Craig
- Craig the elephant
- Species: African bush elephant
- Sex: male
- Born: c. 1972 Amboseli National Park
- Died: 3 January 2026 (aged 54) Mount Kilimanjaro
- Known for: Large tusks

= Craig (elephant) =

Bull elephant with large tusks

Craig (c. 1972 – 3 January 2026) was a male African elephant who lived in the Amboseli National Park in Kenya. He was one of the last remaining elephants with large tusks in this part of Africa and his weighed over 45 kg each, being an estimated 2.1 m long so that they reached the ground.

==Life==
Craig was born around 1972 to Cassandra, the matriarch of the CB herd which was studied by Cynthia Moss, who founded the Amboseli Elephant Research Project. Moss named most of the members of this herd with names beginning with the letter C. The elephant was a "super tusker": bull elephants with tusks weighing over 100 pounds each. Super tuskers are rare in the natural world as they are favourite targets of poachers who participate in the illegal ivory trade.

Craig became a symbol of the conservation of wildlife in East Africa. The elephant was popular with conservationists, tourists and the local Maasai people. In 2021, East African Breweries used an image of Craig for its Tusker brand beer. Over the course of his life, he fathered numerous calves.

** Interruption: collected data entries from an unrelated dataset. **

(* Any algorithm that maintains a uniformly random sample of the active elements within a timestamp-based sliding window has memory usage $\Omega(\log n)$, where $n$ is the number of active elements: there exist streams for which, with positive probability, at some time the algorithm must store $\Omega(\log n)$ distinct elements.
   Context: A stream $p_0,p_1,\dots$ has non-decreasing timestamps $T(p_i)$ (several elements may share a timestamp); with fixed parameter $t_0$, element $p$ is active at time $t$ if $t-T(p)<t_0$, otherwise expired. The sample at each time must be uniform over the active elements at that time. *)

theory Defs
  imports "HOL-Probability.Probability"
begin

text \<open>A finite stream is a list of real timestamps ts (sorted = non-decreasing);
  element p_i is identified with its index i < length ts and has timestamp ts ! i.\<close>

definition arrived :: "real list \<Rightarrow> real \<Rightarrow> nat set" where
  "arrived ts t = {i. i < length ts \<and> ts ! i \<le> t}"

definition active :: "real \<Rightarrow> real list \<Rightarrow> real \<Rightarrow> nat set" where
  "active t0 ts t = {i. i < length ts \<and> ts ! i \<le> t \<and> t - ts ! i < t0}"

text \<open>A randomized sliding-window sampling algorithm, with randomness drawn from the
  probability space M.  For a stream ts, a time t and random outcome w,
  Mem ts t w is the set of (indices of) distinct stream elements stored in memory
  at time t, and Smp ts t w is the sample reported at time t.
  Requirements: measurability; online (behaviour up to time t depends only on the
  elements that arrived by time t); only arrived elements can be stored; an element
  removed from memory cannot be recovered later; the sample is a stored element;
  the sample at every time is uniform over the active elements.\<close>
definition window_sampler ::
  "'w measure \<Rightarrow> real \<Rightarrow> (real list \<Rightarrow> real \<Rightarrow> 'w \<Rightarrow> nat set)
     \<Rightarrow> (real list \<Rightarrow> real \<Rightarrow> 'w \<Rightarrow> nat) \<Rightarrow> bool" where
  "window_sampler M t0 Mem Smp \<longleftrightarrow>
     prob_space M \<and>
     (\<forall>ts t i. sorted ts \<longrightarrow>
        {w \<in> space M. i \<in> Mem ts t w} \<in> sets M \<and>
        {w \<in> space M. Smp ts t w = i} \<in> sets M) \<and>
     (\<forall>ts ts' t. sorted ts \<longrightarrow> sorted ts' \<longrightarrow>
        takeWhile (\<lambda>s. s \<le> t) ts = takeWhile (\<lambda>s. s \<le> t) ts' \<longrightarrow>
        Mem ts t = Mem ts' t \<and> Smp ts t = Smp ts' t) \<and>
     (\<forall>ts t. sorted ts \<longrightarrow> (\<forall>w\<in>space M. Mem ts t w \<subseteq> arrived ts t)) \<and>
     (\<forall>ts t t'. sorted ts \<longrightarrow> t \<le> t' \<longrightarrow>
        (\<forall>w\<in>space M. Mem ts t' w \<subseteq> Mem ts t w \<union> (arrived ts t' - arrived ts t))) \<and>
     (\<forall>ts t. sorted ts \<longrightarrow> active t0 ts t \<noteq> {} \<longrightarrow>
        (\<forall>w\<in>space M. Smp ts t w \<in> Mem ts t w)) \<and>
     (\<forall>ts t. sorted ts \<longrightarrow> active t0 ts t \<noteq> {} \<longrightarrow>
        (\<forall>i\<in>active t0 ts t.
           measure M {w \<in> space M. Smp ts t w = i} = 1 / real (card (active t0 ts t))))"

end

theory Submission
  imports Defs "HOL-Analysis.Harmonic_Numbers"
begin

text \<open>Feed n elements at spacing d = t0/n, so that at the times (n - 1 + k) d, k < n, no new
  element arrives and exactly the elements k, ..., n - 1 are active. Whatever is sampled at
  one of these later times must already be stored at time (n - 1) d, when all n elements
  are active. Element k is the sample at time (n - 1 + k) d with probability 1/(n - k),
  so the expected memory at time (n - 1) d is at least 1/n + ... + 1/1 = H_n > ln n, and
  the memory exceeds ln n with positive probability.\<close>

lemma (in prob_space) prob_ge_pos_if_expectation_gt:
  fixes X :: "'a \<Rightarrow> real"
  assumes "integrable M X" and "c < expectation X"
  shows "0 < prob {x \<in> space M. c \<le> X x}"
proof (rule ccontr)
  let ?S = "{x \<in> space M. c \<le> X x}"
  assume "\<not> 0 < prob ?S"
  moreover have "?S \<in> events"
    using borel_measurable_integrable[OF assms(1)] by measurable
  ultimately have "?S \<in> null_sets M"
    using measure_nonneg[of M ?S] by (simp add: emeasure_eq_measure null_sets_def)
  then have "AE x in M. X x \<le> c"
    by (rule AE_mp[OF AE_not_in AE_I2]) auto
  then have "expectation X \<le> expectation (\<lambda>_. c)"
    using assms(1) by (intro integral_mono_AE) auto
  with assms(2) show False
    by (simp add: prob_space)
qed

lemma harm_eq_sum_inverse_diff: "harm n = (\<Sum>k<n. 1 / real (n - k))"
proof -
  have "(\<Sum>k<n. 1 / real (n - k)) = (\<Sum>k<n. (\<lambda>j. inverse (real (Suc j))) (n - Suc k))"
    by (intro sum.cong) (auto simp: Suc_diff_Suc field_simps)
  also have "\<dots> = (\<Sum>j<n. inverse (real (Suc j)))"
    by (rule sum.nat_diff_reindex)
  finally show ?thesis
    by (simp add: harm_altdef)
qed

definition staircase_stream :: "nat \<Rightarrow> real \<Rightarrow> real list" where
  "staircase_stream n d = map (\<lambda>i. real i * d) [0..<n]"

lemma length_staircase_stream [simp]: "length (staircase_stream n d) = n"
  by (simp add: staircase_stream_def)

lemma nth_staircase_stream [simp]: "i < n \<Longrightarrow> staircase_stream n d ! i = real i * d"
  by (simp add: staircase_stream_def)

lemma sorted_staircase_stream: "0 \<le> d \<Longrightarrow> sorted (staircase_stream n d)"
  by (auto simp: sorted_iff_nth_mono intro: mult_right_mono)

lemma arrived_staircase_stream:
  assumes "0 \<le> d" and "(real n - 1) * d \<le> t"
  shows "arrived (staircase_stream n d) t = {..<n}"
proof -
  have "real i * d \<le> t" if "i < n" for i
  proof -
    have "real i * d \<le> (real n - 1) * d"
      using that assms(1) by (intro mult_right_mono) auto
    with assms(2) show ?thesis by linarith
  qed
  then show ?thesis
    by (auto simp: arrived_def)
qed

lemma active_staircase_stream:
  assumes "0 < d"
  shows "active (real n * d) (staircase_stream n d) ((real n - 1 + real k) * d) = {k..<n}"
proof -
  have "(real n - 1 + real k) * d - real i * d < real n * d \<longleftrightarrow> k \<le> i" for i
  proof -
    have "(real n - 1 + real k) * d - real i * d = (real n - 1 + real k - real i) * d"
      by (simp add: left_diff_distrib)
    also have "\<dots> < real n * d \<longleftrightarrow> real n - 1 + real k - real i < real n"
      using assms by simp
    also have "\<dots> \<longleftrightarrow> k \<le> i" by linarith
    finally show ?thesis .
  qed
  moreover have "real i * d \<le> (real n - 1 + real k) * d" if "i < n" for i
    using that assms by (intro mult_right_mono) auto
  ultimately show ?thesis
    by (auto simp: active_def)
qed

locale sliding_window_sampler =
  fixes M :: "'w measure" and t0 :: real
    and Mem :: "real list \<Rightarrow> real \<Rightarrow> 'w \<Rightarrow> nat set"
    and Smp :: "real list \<Rightarrow> real \<Rightarrow> 'w \<Rightarrow> nat"
  assumes window_sampler: "window_sampler M t0 Mem Smp"
begin

sublocale prob_space M
  using window_sampler unfolding window_sampler_def by meson

lemma sets_Mem: "sorted ts \<Longrightarrow> {w \<in> space M. i \<in> Mem ts t w} \<in> events"
  using window_sampler unfolding window_sampler_def by meson

lemma sets_Smp: "sorted ts \<Longrightarrow> {w \<in> space M. Smp ts t w = i} \<in> events"
  using window_sampler unfolding window_sampler_def by meson

lemma Mem_subset_arrived: "sorted ts \<Longrightarrow> w \<in> space M \<Longrightarrow> Mem ts t w \<subseteq> arrived ts t"
  using window_sampler unfolding window_sampler_def by meson

lemma Mem_later_subset:
  "sorted ts \<Longrightarrow> t \<le> t' \<Longrightarrow> w \<in> space M \<Longrightarrow>
    Mem ts t' w \<subseteq> Mem ts t w \<union> (arrived ts t' - arrived ts t)"
  using window_sampler unfolding window_sampler_def by meson

lemma Smp_in_Mem:
  "sorted ts \<Longrightarrow> active t0 ts t \<noteq> {} \<Longrightarrow> w \<in> space M \<Longrightarrow> Smp ts t w \<in> Mem ts t w"
  using window_sampler unfolding window_sampler_def by meson

lemma prob_Smp_eq:
  assumes "sorted ts" and "i \<in> active t0 ts t"
  shows "prob {w \<in> space M. Smp ts t w = i} = 1 / real (card (active t0 ts t))"
proof -
  have "active t0 ts t \<noteq> {}"
    using assms(2) by blast
  with assms window_sampler show ?thesis
    unfolding window_sampler_def by meson
qed

lemma Smp_in_earlier_Mem:
  assumes "sorted ts" and "t \<le> t'" and "arrived ts t' = arrived ts t"
    and "active t0 ts t' \<noteq> {}" and "w \<in> space M"
  shows "Smp ts t' w \<in> Mem ts t w"
  using Smp_in_Mem[of ts t' w] Mem_later_subset[of ts t t' w] assms by auto

lemma Mem_subset_length: "sorted ts \<Longrightarrow> w \<in> space M \<Longrightarrow> Mem ts t w \<subseteq> {..<length ts}"
  using Mem_subset_arrived by (fastforce simp: arrived_def)

lemma integrable_card_Mem:
  assumes "sorted ts"
  shows "integrable M (\<lambda>w. real (card (Mem ts t w)))"
proof -
  let ?B = "\<lambda>i. {w \<in> space M. i \<in> Mem ts t w}"
  have card_eq_sum: "real (card (Mem ts t w)) = (\<Sum>i<length ts. indicator (?B i) w)"
    if "w \<in> space M" for w
  proof -
    have "{..<length ts} \<inter> {i. w \<in> ?B i} = Mem ts t w"
      using Mem_subset_length[OF assms that] that by blast
    then show ?thesis
      by (simp add: indicator_def)
  qed
  have "integrable M (\<lambda>w. \<Sum>i<length ts. indicator (?B i) w :: real)"
    using sets_Mem[OF assms] by (auto simp: emeasure_eq_measure)
  moreover have "integrable M (\<lambda>w. real (card (Mem ts t w))) \<longleftrightarrow>
      integrable M (\<lambda>w. \<Sum>i<length ts. indicator (?B i) w :: real)"
    by (rule Bochner_Integration.integrable_cong) (simp_all add: card_eq_sum)
  ultimately show ?thesis
    by simp
qed

text \<open>Each x k that is the sample at \<tau> k was already stored at time t, since nothing arrives
  in between; as the x k are distinct, their number bounds the memory at time t.\<close>

lemma expectation_card_Mem_ge:
  assumes "sorted ts" and "finite K" and "inj_on x K"
    and later: "\<And>k. k \<in> K \<Longrightarrow>
      t \<le> \<tau> k \<and> arrived ts (\<tau> k) = arrived ts t \<and> x k \<in> active t0 ts (\<tau> k)"
  shows "(\<Sum>k\<in>K. 1 / real (card (active t0 ts (\<tau> k))))
    \<le> expectation (\<lambda>w. real (card (Mem ts t w)))"
proof -
  let ?A = "\<lambda>k. {w \<in> space M. Smp ts (\<tau> k) w = x k}"
  have hit_in_Mem: "x k \<in> Mem ts t w" if "k \<in> K" and "w \<in> ?A k" for k w
  proof -
    from later[OF that(1)] have "t \<le> \<tau> k" and "arrived ts (\<tau> k) = arrived ts t"
      and "active t0 ts (\<tau> k) \<noteq> {}"
      by auto
    from Smp_in_earlier_Mem[OF assms(1) this, of w] that(2) show ?thesis
      by auto
  qed
  have hits_le_card_Mem: "(\<Sum>k\<in>K. indicator (?A k) w) \<le> real (card (Mem ts t w))"
    if w: "w \<in> space M" for w
  proof -
    let ?H = "K \<inter> {k. w \<in> ?A k}"
    have "x ` ?H \<subseteq> Mem ts t w"
      using hit_in_Mem by blast
    moreover have "finite (Mem ts t w)"
      using Mem_subset_length[OF assms(1) w] finite_subset by blast
    ultimately have "card (x ` ?H) \<le> card (Mem ts t w)"
      by (rule card_mono[rotated])
    moreover have "card (x ` ?H) = card ?H"
      using inj_on_subset[OF assms(3)] by (intro card_image) blast
    moreover have "(\<Sum>k\<in>K. indicator (?A k) w) = real (card ?H)"
      using assms(2) by (simp add: indicator_def)
    ultimately show ?thesis
      by simp
  qed
  have integrable_hit: "integrable M (indicator (?A k) :: 'w \<Rightarrow> real)" for k
    by (rule integrable_real_indicator[OF sets_Smp[OF assms(1)]]) (simp add: emeasure_eq_measure)
  have expectation_hit: "expectation (indicator (?A k)) = 1 / real (card (active t0 ts (\<tau> k)))"
    if "k \<in> K" for k
  proof -
    from later[OF that] have "x k \<in> active t0 ts (\<tau> k)"
      by blast
    then have "prob (?A k) = 1 / real (card (active t0 ts (\<tau> k)))"
      by (rule prob_Smp_eq[OF assms(1)])
    moreover have "?A k \<inter> space M = ?A k"
      by blast
    ultimately show ?thesis
      by simp
  qed
  have "(\<Sum>k\<in>K. 1 / real (card (active t0 ts (\<tau> k))))
      = (\<Sum>k\<in>K. expectation (indicator (?A k)))"
    by (rule sum.cong[OF refl expectation_hit[symmetric]])
  also have "\<dots> = expectation (\<lambda>w. \<Sum>k\<in>K. indicator (?A k) w)"
    using integrable_hit by (rule Bochner_Integration.integral_sum[symmetric])
  also have "\<dots> \<le> expectation (\<lambda>w. real (card (Mem ts t w)))"
  proof (rule integral_mono)
    show "integrable M (\<lambda>w. \<Sum>k\<in>K. indicator (?A k) w :: real)"
      using integrable_hit by (rule Bochner_Integration.integrable_sum)
  qed (use hits_le_card_Mem integrable_card_Mem[OF assms(1)] in auto)
  finally show ?thesis .
qed

lemma staircase_memory_ge_ln:
  assumes d: "0 < d" and n: "1 \<le> n" and t0_eq: "t0 = real n * d"
  shows "0 < prob {w \<in> space M.
    ln (real n) \<le> real (card (Mem (staircase_stream n d) ((real n - 1) * d) w))}"
proof -
  let ?ts = "staircase_stream n d"
  define \<tau> where "\<tau> k = (real n - 1 + real k) * d" for k
  have sorted: "sorted ?ts"
    using d by (simp add: sorted_staircase_stream)
  have active: "active t0 ?ts (\<tau> k) = {k..<n}" for k
    using active_staircase_stream[OF d] by (simp add: t0_eq \<tau>_def)
  have arrived: "arrived ?ts (\<tau> k) = {..<n}" for k
  proof (rule arrived_staircase_stream)
    show "(real n - 1) * d \<le> \<tau> k"
      using d by (simp add: \<tau>_def)
  qed (use d in simp)
  have "ln (real n) < ln (real n + 1)"
    using n by simp
  also have "\<dots> \<le> harm n"
    by (rule ln_le_harm)
  also have "harm n = (\<Sum>k<n. 1 / real (card (active t0 ?ts (\<tau> k))))"
    by (simp add: active harm_eq_sum_inverse_diff)
  also have "\<dots> \<le> expectation (\<lambda>w. real (card (Mem ?ts (\<tau> 0) w)))"
  proof (rule expectation_card_Mem_ge[OF sorted, where x = id])
    fix k assume "k \<in> {..<n}"
    have "\<tau> 0 \<le> \<tau> k"
      using d by (simp add: \<tau>_def)
    with \<open>k \<in> {..<n}\<close> show
      "\<tau> 0 \<le> \<tau> k \<and> arrived ?ts (\<tau> k) = arrived ?ts (\<tau> 0) \<and> id k \<in> active t0 ?ts (\<tau> k)"
      by (simp only: arrived active) simp
  qed auto
  finally show ?thesis
    using prob_ge_pos_if_expectation_gt[OF integrable_card_Mem[OF sorted]] by (simp add: \<tau>_def)
qed

end

theorem lemma4p7:
  "\<exists>c>0. \<exists>N::nat. \<forall>(t0::real) (M::'w measure) Mem Smp.
     t0 > 0 \<longrightarrow> window_sampler M t0 Mem Smp \<longrightarrow>
     (\<forall>n\<ge>N. \<exists>ts t. sorted ts \<and> card (active t0 ts t) = n \<and>
        measure M {w \<in> space M. real (card (Mem ts t w)) \<ge> c * ln (real n)} > 0)"
proof (intro exI[of _ "1::real"] conjI exI[of _ "1::nat"] allI impI)
  fix t0 :: real and M :: "'w measure" and Mem Smp and n :: nat
  assume t0: "t0 > 0" and "window_sampler M t0 Mem Smp" and n: "n \<ge> 1"
  then interpret sliding_window_sampler M t0 Mem Smp
    by unfold_locales
  define d where "d = t0 / real n"
  have d: "0 < d" and t0_eq: "t0 = real n * d"
    using t0 n by (auto simp: d_def)
  let ?ts = "staircase_stream n d" and ?t = "(real n - 1) * d"
  have "sorted ?ts"
    using d by (rule sorted_staircase_stream[OF less_imp_le])
  moreover have "card (active t0 ?ts ?t) = n"
    using active_staircase_stream[OF d, of n 0] by (simp add: t0_eq)
  moreover have "0 < prob {w \<in> space M. ln (real n) \<le> real (card (Mem ?ts ?t w))}"
    using staircase_memory_ge_ln[OF d n t0_eq] .
  ultimately show "\<exists>ts t. sorted ts \<and> card (active t0 ts t) = n \<and>
      measure M {w \<in> space M. real (card (Mem ts t w)) \<ge> 1 * ln (real n)} > 0"
    by auto
qed simp

end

Craig died after his last set of molar teeth wore out and he could no longer chew his food properly. This affected his digestion and he died in the early hours of 3 January 2026 after the rough diet had ruptured his intestines. Park rangers maintained a vigil over his last resting place on the lower slopes of Mount Kilimanjaro. He is survived by his sister Cerise.

== Legacy ==
Craig's tusks were taken into custody as government trophies by the Kenya Wildlife Service under the authority of the Wildlife Conservation and Management Act. They and other remains may be moved to the national museum in Nairobi where the remains of other large tuskers such as Tim, another famous elephant from Amboseli National Park, are held.